Single-agent Chemotherapy as Efficacious as Combination Therapy in Elderly, Poor-performance Status Patients with Multiple Comorbidities in the Treatment of Non-small Cell Lung Cancer
Perspective
The results of a recently published study have demonstrated that in some elderly, poor-performance status patients with multiple comorbidities, single-agent chemotherapy with vinorelbine (Navelbine) or gemcitabine (Gemzar) was equally efficacious as the combination of vinorelbine/gemcitabine in the treatment of advanced non-small cell lung cancer (NSCLC).1 The combination of vinorelbine/gemcitabine is frequently used in elderly NSCLC patients or in those with poor-performance status because it is less toxic than platinum-based chemotherapeutic regimens. The finding that the efficacy of single-agent chemotherapy is comparable to that of combination chemotherapy in treating elderly, poor-performance status NSCLC patients with multiple comorbidities should result in savings in terms of total healthcare expenditures and toxicity.

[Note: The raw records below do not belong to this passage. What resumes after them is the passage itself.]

lemma rank_eq_dim_col_if_inj:
  fixes K :: "'a::field mat"
  assumes K: "K \<in> carrier_mat n c"
    and inj: "\<And>v. v \<in> carrier_vec c \<Longrightarrow> K *\<^sub>v v = 0\<^sub>v n \<Longrightarrow> v = 0\<^sub>v c"
  shows "vec_space.rank n K = c"
proof -
  have col_unit: "K *\<^sub>v unit_vec c i = col K i" if "i < c" for i
    using K that by (intro eq_vecI) auto
  have "inj_on (col K) {0..<c}"
  proof (rule inj_onI)
    fix i j assume i: "i \<in> {0..<c}" and j: "j \<in> {0..<c}" and e: "col K i = col K j"
    have "K *\<^sub>v (unit_vec c i - unit_vec c j) = col K i - col K j"
      using i j col_unit by (simp add: mult_minus_distrib_mat_vec[OF K])
    also have "\<dots> = 0\<^sub>v n"
      using e K j by (auto intro!: eq_vecI)
    finally have "unit_vec c i - unit_vec c j = (0\<^sub>v c :: 'a vec)"
      by (intro inj) auto
    then have "(unit_vec c i - unit_vec c j :: 'a vec) $ i = 0" using i by simp
    then show "i = j" using i j by (auto split: if_splits)
  qed
  then have distinct: "distinct (cols K)"
    using K unfolding cols_def by (simp add: distinct_map)
  have "module.lin_indpt class_ring (module_vec TYPE('a) n) (set (cols K))"
  proof
    assume "module.lin_dep class_ring (module_vec TYPE('a) n) (set (cols K))"
    then obtain v where "v \<in> carrier_vec c" "v \<noteq> 0\<^sub>v c" "K *\<^sub>v v = 0\<^sub>v n"
      using vec_space.lin_depE[OF K _ distinct] by blast
    then show False using inj by blast
  qed
  then show ?thesis
    by (rule vec_space.lin_indpt_full_rank[OF K distinct])
qed

lemma mat_kernel_eq_col_space_if_complement:
  fixes N :: "'a::field mat"
  assumes N: "N \<in> carrier_mat m n" and K: "K \<in> carrier_mat n c" and E: "E \<in> carrier_mat n d"
    and dims: "c + d = n"
    and NK: "\<And>y. y \<in> carrier_vec c \<Longrightarrow> N *\<^sub>v (K *\<^sub>v y) = 0\<^sub>v m"
    and K_inj: "\<And>y. y \<in> carrier_vec c \<Longrightarrow> K *\<^sub>v y = 0\<^sub>v n \<Longrightarrow> y = 0\<^sub>v c"
    and NE_inj: "\<And>u. u \<in> carrier_vec d \<Longrightarrow> N *\<^sub>v (E *\<^sub>v u) = 0\<^sub>v m \<Longrightarrow> u = 0\<^sub>v d"
  shows "mat_kernel N = vec_space.col_space n K"
proof -
  let ?M = "four_block_mat K E (0\<^sub>m 0 c) (0\<^sub>m 0 d)"
  have M: "?M \<in> carrier_mat n n"
    using four_block_carrier_mat[OF K zero_carrier_mat[of 0 d]] dims by simp
  have M_mult: "?M *\<^sub>v w = K *\<^sub>v vec_first w c + E *\<^sub>v vec_last w d" if w: "w \<in> carrier_vec n" for w
    using four_block_mat_empty_rows_mult_vec[OF K E] w dims by simp
  have N_EK: "E *\<^sub>v vec_last w d = 0\<^sub>v n" if w: "w \<in> carrier_vec n" and Nw: "N *\<^sub>v (?M *\<^sub>v w) = 0\<^sub>v m" for w
  proof -
    have "N *\<^sub>v (?M *\<^sub>v w) = N *\<^sub>v (K *\<^sub>v vec_first w c) + N *\<^sub>v (E *\<^sub>v vec_last w d)"
      unfolding M_mult[OF w] using N K E by (simp add: mult_add_distrib_mat_vec)
    then have "N *\<^sub>v (E *\<^sub>v vec_last w d) = 0\<^sub>v m"
      using Nw NK[of "vec_first w c"] N E by simp
    then show ?thesis using NE_inj[of "vec_last w d"] E by (simp add: mult_mat_vec_zero)
  qed
  have M_inj: "w = 0\<^sub>v n" if w: "w \<in> carrier_vec n" and Mw: "?M *\<^sub>v w = 0\<^sub>v n" for w
  proof -
    have E0: "E *\<^sub>v vec_last w d = 0\<^sub>v n"
      using N_EK[OF w] Mw N by (simp add: mult_mat_vec_zero)
    then have "vec_last w d = 0\<^sub>v d"
      using NE_inj[of "vec_last w d"] N by (simp add: mult_mat_vec_zero)
    moreover have "vec_first w c = 0\<^sub>v c"
      using K_inj[of "vec_first w c"] Mw E0 K unfolding M_mult[OF w] by simp
    ultimately show ?thesis
      using w dims vec_first_last_append[of w c d] by (auto intro!: eq_vecI)
  qed
  have "x \<in> vec_space.col_space n K" if x: "x \<in> mat_kernel N" for x
  proof -
    have xc: "x \<in> carrier_vec n" and Nx: "N *\<^sub>v x = 0\<^sub>v m"
      using x N by (auto simp: mat_kernel_def)
    obtain w where w: "w \<in> carrier_vec n" and Mw: "?M *\<^sub>v w = x"
      using mult_mat_vec_surj_if_inj[OF M M_inj xc] by blast
    then have "x = K *\<^sub>v vec_first w c"
      using N_EK[OF w] Nx K unfolding M_mult[OF w] by simp
    then show ?thesis
      using xc K by (auto simp: vec_space.col_space_eq[OF K])
  qed
  moreover have "x \<in> mat_kernel N" if "x \<in> vec_space.col_space n K" for x
    using that NK N K by (auto simp: vec_space.col_space_eq[OF K] mat_kernel_def)
  ultimately show ?thesis by blast
qed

Lung cancer continues to be the leading cause of cancer-related death in the United States. It is estimated that approximately 171,900 new cases of lung cancer will be diagnosed and approximately 157,200 deaths from lung cancer will occur in 2003.2 The median age of newly diagnosed lung cancer patients is approximately 68 years and as many as 40% of patients may be older than 70 years at diagnosis.3 Many of these patients have significant comorbidities and/or age-related declines in organ function that limit their ability to tolerate standard chemotherapy;4,5 therefore, these patients pose a significant challenge for oncologists.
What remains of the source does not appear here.